■ **What the exercise asks**
Return only that part of the material below which starts with the line containing "(c * charseq" and goes on through the line containing "u) \<le> sqrt", restated exactly.

■ **Records shown**
- - - - -

(* Let $\Phi:\ell^\infty(\mathbb Z)\to\ell^\infty(\mathbb Z)$ be a contractive, idempotent linear map commuting with the backward shift $B$. If $\lambda_1,\lambda_2,\lambda_3\in\sigma(\Phi)$, then $\lambda_1\overline{\lambda_2}\lambda_3\in\sigma(\Phi)$. For any $\lambda\in\sigma(\Phi)$, the set $\overline{\lambda}\cdot\sigma(\Phi)=\{\overline\lambda\mu:\mu\in\sigma(\Phi)\}$ is a subgroup of $\mathbb T$. If in addition $\Phi$ is unital, then $\sigma(\Phi)$ is a subgroup of $\mathbb T$.
   Context: $(Bv)_n=v_{n+1}$. For $\lambda\in\mathbb T$ let $x_\lambda=(\lambda^n)_{n\in\mathbb Z}$; a linear map $\Phi$ commuting with $B$ satisfies $\Phi(x_\lambda)=c_\lambda x_\lambda$ for some scalar $c_\lambda$, and $\sigma(\Phi)=\{\lambda\in\mathbb T:c_\lambda\neq0\}$. *)

theory Defs
  imports "HOL-Analysis.Analysis"
begin

definition linfty :: "(int \<Rightarrow> complex) set" where
  "linfty = {x. bounded (range x)}"

definition supnorm :: "(int \<Rightarrow> complex) \<Rightarrow> real" where
  "supnorm x = (SUP n. norm (x n))"

definition bshift :: "(int \<Rightarrow> complex) \<Rightarrow> (int \<Rightarrow> complex)" where
  "bshift v = (\<lambda>n. v (n + 1))"

definition charseq :: "complex \<Rightarrow> (int \<Rightarrow> complex)" where
  "charseq l = (\<lambda>n. l powi n)"

definition circle :: "complex set" where
  "circle = {z. norm z = 1}"

definition contr_idem_shift_inv :: "((int \<Rightarrow> complex) \<Rightarrow> (int \<Rightarrow> complex)) \<Rightarrow> bool" where
  "contr_idem_shift_inv \<Phi> \<longleftrightarrow>
     (\<forall>x\<in>linfty. \<Phi> x \<in> linfty) \<and>
     (\<forall>x\<in>linfty. \<forall>y\<in>linfty. \<forall>a b. \<Phi> (\<lambda>n. a * x n + b * y n) = (\<lambda>n. a * \<Phi> x n + b * \<Phi> y n)) \<and>
     (\<forall>x\<in>linfty. supnorm (\<Phi> x) \<le> supnorm x) \<and>
     (\<forall>x\<in>linfty. \<Phi> (\<Phi> x) = \<Phi> x) \<and>
     (\<forall>x\<in>linfty. \<Phi> (bshift x) = bshift (\<Phi> x))"

definition spec :: "((int \<Rightarrow> complex) \<Rightarrow> (int \<Rightarrow> complex)) \<Rightarrow> complex set" where
  "spec \<Phi> = {l \<in> circle. \<exists>c. c \<noteq> 0 \<and> \<Phi> (charseq l) = (\<lambda>n. c * charseq l n)}"

definition circle_subgroup :: "complex set \<Rightarrow> bool" where
  "circle_subgroup S \<longleftrightarrow> S \<subseteq> circle \<and> 1 \<in> S \<and>
     (\<forall>a\<in>S. \<forall>b\<in>S. a * b \<in> S) \<and> (\<forall>a\<in>S. inverse a \<in> S)"

end

theory Submission
  imports Defs
begin

text \<open>
  Commuting with B forces \<open>\<Phi> x_\<lambda> = c_\<lambda> x_\<lambda>\<close>, and idempotence forces \<open>c_\<lambda> = 1\<close> for
  \<open>\<lambda> \<in> \<sigma>(\<Phi>)\<close>. For \<open>\<lambda>1, \<lambda>2, \<lambda>3 \<in> \<sigma>(\<Phi>)\<close> and \<open>\<mu> = \<lambda>1 cnj(\<lambda>2) \<lambda>3\<close>, if \<open>c_\<mu> = 0\<close> then
  \<open>y = x_\<lambda>1 + x_\<lambda>2 + x_\<lambda>3 - x_\<mu>\<close> satisfies \<open>\<Phi> y = x_\<lambda>1 + x_\<lambda>2 + x_\<lambda>3\<close>, whose value at 0
  is 3. But every entry of \<open>y\<close> has the form \<open>a + b + c - a cnj(b) c\<close> with \<open>a, b, c\<close>
  unimodular; with \<open>u = a cnj(b)\<close> its modulus is at most \<open>|1 + u| + |1 - u| \<le> sqrt 8 < 3\<close>,
  contradicting contractivity. Closure under \<open>(a, b, c) \<mapsto> a cnj(b) c\<close> is exactly what makes
  each translate \<open>cnj(\<lambda>) \<sigma>(\<Phi>)\<close> a subgroup of the circle.
\<close>

lemma linfty_lincomb:
  assumes "x \<in> linfty" "y \<in> linfty"
  shows "(\<lambda>n. a * x n + b * y n) \<in> linfty"
proof -
  from assms obtain Bx By where "\<forall>n. norm (x n) \<le> Bx" "\<forall>n. norm (y n) \<le> By"
    unfolding linfty_def bounded_iff by blast
  then have "norm (a * x n + b * y n) \<le> norm a * Bx + norm b * By" for n
    by (metis norm_mult norm_triangle_le add_mono mult_left_mono norm_ge_zero)
  then show ?thesis
    unfolding linfty_def bounded_iff by blast
qed

lemma norm_charseq: "l \<in> circle \<Longrightarrow> norm (charseq l n) = 1"
  by (simp add: circle_def charseq_def norm_power_int)

lemma charseq_in_linfty: "l \<in> circle \<Longrightarrow> charseq l \<in> linfty"
  unfolding linfty_def bounded_iff by (auto simp: norm_charseq)

lemma supnorm_upper: "x \<in> linfty \<Longrightarrow> norm (x n) \<le> supnorm x"
  unfolding supnorm_def linfty_def
  by (rule cSUP_upper) (auto simp: bdd_above_def bounded_iff)

lemma supnorm_least: "(\<And>n. norm (x n) \<le> B) \<Longrightarrow> supnorm x \<le> B"
  unfolding supnorm_def by (rule cSUP_least) auto

lemma bshift_charseq: "l \<noteq> 0 \<Longrightarrow> bshift (charseq l) = (\<lambda>n. l * charseq l n)"
  by (simp add: bshift_def charseq_def power_int_add_1')

lemma geometric_recurrence_eq_charseq:
  fixes f :: "int \<Rightarrow> complex"
  assumes "l \<noteq> 0" and rec: "\<And>n. f (n + 1) = l * f n"
  shows "f = (\<lambda>n. f 0 * charseq l n)"
proof
  fix n
  show "f n = f 0 * charseq l n"
  proof (induction n rule: int_induct[where k = 0])
    case base
    show ?case by (simp add: charseq_def)
  next
    case (step1 i)
    then show ?case
      using rec[of i] \<open>l \<noteq> 0\<close> by (simp add: charseq_def power_int_add_1')
  next
    case (step2 i)
    have "l * f (i - 1) = l * (f 0 * charseq l (i - 1))"
      using rec[of "i - 1"] step2.IH \<open>l \<noteq> 0\<close>
      by (simp add: charseq_def power_int_diff mult_ac)
    then show ?case
      using \<open>l \<noteq> 0\<close> by simp
  qed
qed

lemma contr_idem_shift_invD:
  assumes "contr_idem_shift_inv \<Phi>" "x \<in> linfty"
  shows "\<Phi> x \<in> linfty" "supnorm (\<Phi> x) \<le> supnorm x" "\<Phi> (\<Phi> x) = \<Phi> x"
    "\<Phi> (bshift x) = bshift (\<Phi> x)"
  using assms unfolding contr_idem_shift_inv_def by blast+

lemma contr_idem_shift_inv_lincomb:
  assumes "contr_idem_shift_inv \<Phi>" "x \<in> linfty" "y \<in> linfty"
  shows "\<Phi> (\<lambda>n. a * x n + b * y n) = (\<lambda>n. a * \<Phi> x n + b * \<Phi> y n)"
  using assms unfolding contr_idem_shift_inv_def by blast

lemma contr_idem_shift_inv_scale:
  assumes "contr_idem_shift_inv \<Phi>" "x \<in> linfty"
  shows "\<Phi> (\<lambda>n. a * x n) = (\<lambda>n. a * \<Phi> x n)"
  using contr_idem_shift_inv_lincomb[OF assms assms(2), of a 0] by simp

lemma charseq_eigenvector:
  assumes \<Phi>: "contr_idem_shift_inv \<Phi>" and l: "l \<in> circle"
  shows "\<exists>c. \<Phi> (charseq l) = (\<lambda>n. c * charseq l n)"
proof -
  have "l \<noteq> 0"
    using l by (auto simp: circle_def)
  have "bshift (\<Phi> (charseq l)) = (\<lambda>n. l * \<Phi> (charseq l) n)"
    using contr_idem_shift_invD(4)[OF \<Phi> charseq_in_linfty[OF l]]
      contr_idem_shift_inv_scale[OF \<Phi> charseq_in_linfty[OF l]] bshift_charseq[OF \<open>l \<noteq> 0\<close>]
    by simp
  then have "\<Phi> (charseq l) (n + 1) = l * \<Phi> (charseq l) n" for n
    unfolding bshift_def by metis
  then show ?thesis
    using geometric_recurrence_eq_charseq[OF \<open>l \<noteq> 0\<close>] by blast
qed

lemma spec_charseq_fixed:
  assumes \<Phi>: "contr_idem_shift_inv \<Phi>" and "l \<in> spec \<Phi>"
  shows "\<Phi> (charseq l) = charseq l"
proof -
  from assms(2) obtain c where "c \<noteq> 0" and c: "\<Phi> (charseq l) = (\<lambda>n. c * charseq l n)"
    and l: "l \<in> circle"
    unfolding spec_def by blast
  have "(\<lambda>n. c * (c * charseq l n)) = (\<lambda>n. c * charseq l n)"
    using contr_idem_shift_invD(3)[OF \<Phi> charseq_in_linfty[OF l]]
      contr_idem_shift_inv_scale[OF \<Phi> charseq_in_linfty[OF l], of c]
    by (simp add: c)
  then have "c * c = c"
    using fun_cong[of _ _ 0] by (fastforce simp: charseq_def)
  with \<open>c \<noteq> 0\<close> have "c = 1"
    by simp
  with c show ?thesis
    by simp
qed

lemma norm_one_plus_norm_one_minus_le:
  fixes u :: complex
  assumes "norm u = 1"
  shows "norm (1 + u) + norm (1 - u) \<le> sqrt 8"
proof (rule real_le_rsqrt)
  have "(Re u)\<^sup>2 + (Im u)\<^sup>2 = 1"
    using assms by (metis cmod_power2 power_one)
  moreover have "(norm (1 + u))\<^sup>2 = (1 + Re u)\<^sup>2 + (Im u)\<^sup>2"
    "(norm (1 - u))\<^sup>2 = (1 - Re u)\<^sup>2 + (Im u)\<^sup>2"
    by (simp_all add: cmod_power2)
  ultimately have "(norm (1 + u))\<^sup>2 + (norm (1 - u))\<^sup>2 = 4"
    by (simp add: power2_eq_square algebra_simps)
  then show "(norm (1 + u) + norm (1 - u))\<^sup>2 \<le> 8"
    using sum_squares_ge_zero[of "norm (1 + u) - norm (1 - u)" 0]
    by (simp add: power2_eq_square algebra_simps)
qed

lemma norm_add_three_minus_triple_le:
  fixes a b c :: complex
  assumes "norm a = 1" "norm b = 1" "norm c = 1"
  shows "norm (a + b + c - a * cnj b * c) \<le> sqrt 8"
proof -
  define u where "u = a * cnj b"
  have "b * ((1 + u) + c * cnj b * (1 - u))
      = b + (a + c) * (b * cnj b) - a * cnj b * c * (b * cnj b)"
    unfolding u_def by (simp add: algebra_simps)
  moreover have "b * cnj b = 1"
    using complex_norm_square[of b] assms(2) by simp
  ultimately have "a + b + c - a * cnj b * c = b * ((1 + u) + c * cnj b * (1 - u))"
    by simp
  then have "norm (a + b + c - a * cnj b * c) = norm ((1 + u) + c * cnj b * (1 - u))"
    using assms by (simp add: norm_mult)
  also have "\<dots> \<le> norm (1 + u) + norm (c * cnj b * (1 - u))"
    by (rule norm_triangle_ineq)
  also have "\<dots> = norm (1 + u) + norm (1 - u)"
    using assms by (simp add: norm_mult)
  also have "\<dots> \<le> sqrt 8"
    using assms by (simp add: u_def norm_mult norm_one_plus_norm_one_minus_le)
  finally show ?thesis .
qed

lemma spec_mult_cnj_mult:
  assumes \<Phi>: "contr_idem_shift_inv \<Phi>" and a: "a \<in> spec \<Phi>" and b: "b \<in> spec \<Phi>"
    and c: "c \<in> spec \<Phi>"
  shows "a * cnj b * c \<in> spec \<Phi>"
proof -
  define d where "d = a * cnj b * c"
  have circ: "a \<in> circle" "b \<in> circle" "c \<in> circle"
    using a b c by (auto simp: spec_def)
  then have "d \<in> circle"
    by (simp add: circle_def d_def norm_mult)
  then obtain k where k: "\<Phi> (charseq d) = (\<lambda>n. k * charseq d n)"
    using charseq_eigenvector[OF \<Phi>] by blast
  have "k \<noteq> 0"
  proof
    assume "k = 0"
    \<comment> \<open>The unit coefficients match the shape of the linearity hypothesis.\<close>
    define s where "s = (\<lambda>n. 1 * charseq a n + 1 * charseq b n)"
    define t where "t = (\<lambda>n. 1 * s n + 1 * charseq c n)"
    define y where "y = (\<lambda>n. 1 * t n + (-1) * charseq d n)"
    note char_in_linfty = charseq_in_linfty[OF circ(1)] charseq_in_linfty[OF circ(2)]
      charseq_in_linfty[OF circ(3)] charseq_in_linfty[OF \<open>d \<in> circle\<close>]
    have "s \<in> linfty" "t \<in> linfty" "y \<in> linfty"
      unfolding s_def t_def y_def by (intro linfty_lincomb char_in_linfty)+
    have "\<Phi> s = s"
      unfolding s_def contr_idem_shift_inv_lincomb[OF \<Phi> char_in_linfty(1,2)]
      by (simp add: spec_charseq_fixed[OF \<Phi> a] spec_charseq_fixed[OF \<Phi> b])
    then have "\<Phi> t = t"
      unfolding t_def contr_idem_shift_inv_lincomb[OF \<Phi> \<open>s \<in> linfty\<close> char_in_linfty(3)]
      by (simp add: spec_charseq_fixed[OF \<Phi> c])
    then have "\<Phi> y = t"
      unfolding y_def contr_idem_shift_inv_lincomb[OF \<Phi> \<open>t \<in> linfty\<close> char_in_linfty(4)]
      by (simp add: k \<open>k = 0\<close>)
    then have "3 = norm (\<Phi> y 0)"
      by (simp add: t_def s_def charseq_def)
    also have "\<dots> \<le> supnorm y"
      using supnorm_upper[OF contr_idem_shift_invD(1)[OF \<Phi> \<open>y \<in> linfty\<close>]]
        contr_idem_shift_invD(2)[OF \<Phi> \<open>y \<in> linfty\<close>]
      by (rule order_trans)
    also have "\<dots> \<le> sqrt 8"
    proof (rule supnorm_least)
      fix n
      have "y n = charseq a n + charseq b n + charseq c n
                  - charseq a n * cnj (charseq b n) * charseq c n"
        by (simp add: y_def t_def s_def d_def charseq_def power_int_mult_distrib)
      then show "norm (y n) \<le> sqrt 8"
        using norm_add_three_minus_triple_le norm_charseq circ by metis
    qed
    also have "\<dots> < sqrt 9"
      by (rule real_sqrt_less_mono) simp
    finally show False
      by simp
  qed
  with \<open>d \<in> circle\<close> k show ?thesis
    unfolding spec_def d_def by blast
qed

lemma circle_subgroup_translate:
  assumes "S \<subseteq> circle"
    and closed: "\<And>a b c. a \<in> S \<Longrightarrow> b \<in> S \<Longrightarrow> c \<in> S \<Longrightarrow> a * cnj b * c \<in> S"
    and "l \<in> S"
  shows "circle_subgroup ((\<lambda>\<mu>. cnj l * \<mu>) ` S)"
  unfolding circle_subgroup_def
proof (intro conjI ballI)
  have norm_S: "norm z = 1" if "z \<in> S" for z
    using that \<open>S \<subseteq> circle\<close> by (auto simp: circle_def)
  then have unit: "cnj z * z = 1" if "z \<in> S" for z
    using that complex_norm_square[of z] by (simp add: mult.commute)
  show "(\<lambda>\<mu>. cnj l * \<mu>) ` S \<subseteq> circle"
    using norm_S \<open>l \<in> S\<close> by (auto simp: circle_def norm_mult)
  show "1 \<in> (\<lambda>\<mu>. cnj l * \<mu>) ` S"
    using \<open>l \<in> S\<close> unit by force
  fix p q
  assume "p \<in> (\<lambda>\<mu>. cnj l * \<mu>) ` S"
  then obtain m where m: "m \<in> S" "p = cnj l * m"
    by blast
  have "p * (cnj l * (l * cnj m * l)) = (cnj l * l) * (cnj m * m) * (cnj l * l)"
    using m by (simp add: algebra_simps)
  then have "inverse p = cnj l * (l * cnj m * l)"
    using unit m(1) \<open>l \<in> S\<close> by (intro inverse_unique) simp
  then show "inverse p \<in> (\<lambda>\<mu>. cnj l * \<mu>) ` S"
    using closed[OF \<open>l \<in> S\<close> m(1) \<open>l \<in> S\<close>] by blast
  assume "q \<in> (\<lambda>\<mu>. cnj l * \<mu>) ` S"
  then obtain m' where m': "m' \<in> S" "q = cnj l * m'"
    by blast
  have "p * q = cnj l * (m * cnj l * m')"
    using m m' by (simp add: algebra_simps)
  then show "p * q \<in> (\<lambda>\<mu>. cnj l * \<mu>) ` S"
    using closed[OF m(1) \<open>l \<in> S\<close> m'(1)] by blast
qed

lemma spec_subset_circle: "spec \<Phi> \<subseteq> circle"
  by (auto simp: spec_def)

lemma one_in_spec_if_unital:
  assumes "\<Phi> (\<lambda>n. 1) = (\<lambda>n. 1)"
  shows "1 \<in> spec \<Phi>"
proof -
  have "charseq 1 = (\<lambda>n. 1)"
    by (simp add: charseq_def)
  with assms show ?thesis
    by (auto simp: spec_def circle_def intro: exI[of _ 1])
qed

theorem theorem2p9:
  fixes \<Phi> :: "(int \<Rightarrow> complex) \<Rightarrow> (int \<Rightarrow> complex)"
  assumes "contr_idem_shift_inv \<Phi>"
  shows "(\<forall>l1\<in>spec \<Phi>. \<forall>l2\<in>spec \<Phi>. \<forall>l3\<in>spec \<Phi>. l1 * cnj l2 * l3 \<in> spec \<Phi>)
     \<and> (\<forall>l\<in>spec \<Phi>. circle_subgroup ((\<lambda>\<mu>. cnj l * \<mu>) ` spec \<Phi>))
     \<and> (\<Phi> (\<lambda>n. 1) = (\<lambda>n. 1) \<longrightarrow> circle_subgroup (spec \<Phi>))"
proof -
  have closed: "\<And>a b c. a \<in> spec \<Phi> \<Longrightarrow> b \<in> spec \<Phi> \<Longrightarrow> c \<in> spec \<Phi> \<Longrightarrow>
      a * cnj b * c \<in> spec \<Phi>"
    by (rule spec_mult_cnj_mult[OF assms])
  have translate: "circle_subgroup ((\<lambda>\<mu>. cnj l * \<mu>) ` spec \<Phi>)" if "l \<in> spec \<Phi>" for l
    by (rule circle_subgroup_translate[OF spec_subset_circle closed that])
  have "circle_subgroup (spec \<Phi>)" if "\<Phi> (\<lambda>n. 1) = (\<lambda>n. 1)"
    using translate[OF one_in_spec_if_unital[of \<Phi>, OF that]] by simp
  with closed translate show ?thesis
    by blast
qed

end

- - - - -

■ **Solution to this problem**
  have "(\<lambda>n. c * (c * charseq l n)) = (\<lambda>n. c * charseq l n)"
    using contr_idem_shift_invD(3)[OF \<Phi> charseq_in_linfty[OF l]]
      contr_idem_shift_inv_scale[OF \<Phi> charseq_in_linfty[OF l], of c]
    by (simp add: c)
  then have "c * c = c"
    using fun_cong[of _ _ 0] by (fastforce simp: charseq_def)
  with \<open>c \<noteq> 0\<close> have "c = 1"
    by simp
  with c show ?thesis
    by simp
qed

lemma norm_one_plus_norm_one_minus_le:
  fixes u :: complex
  assumes "norm u = 1"
  shows "norm (1 + u) + norm (1 - u) \<le> sqrt 8"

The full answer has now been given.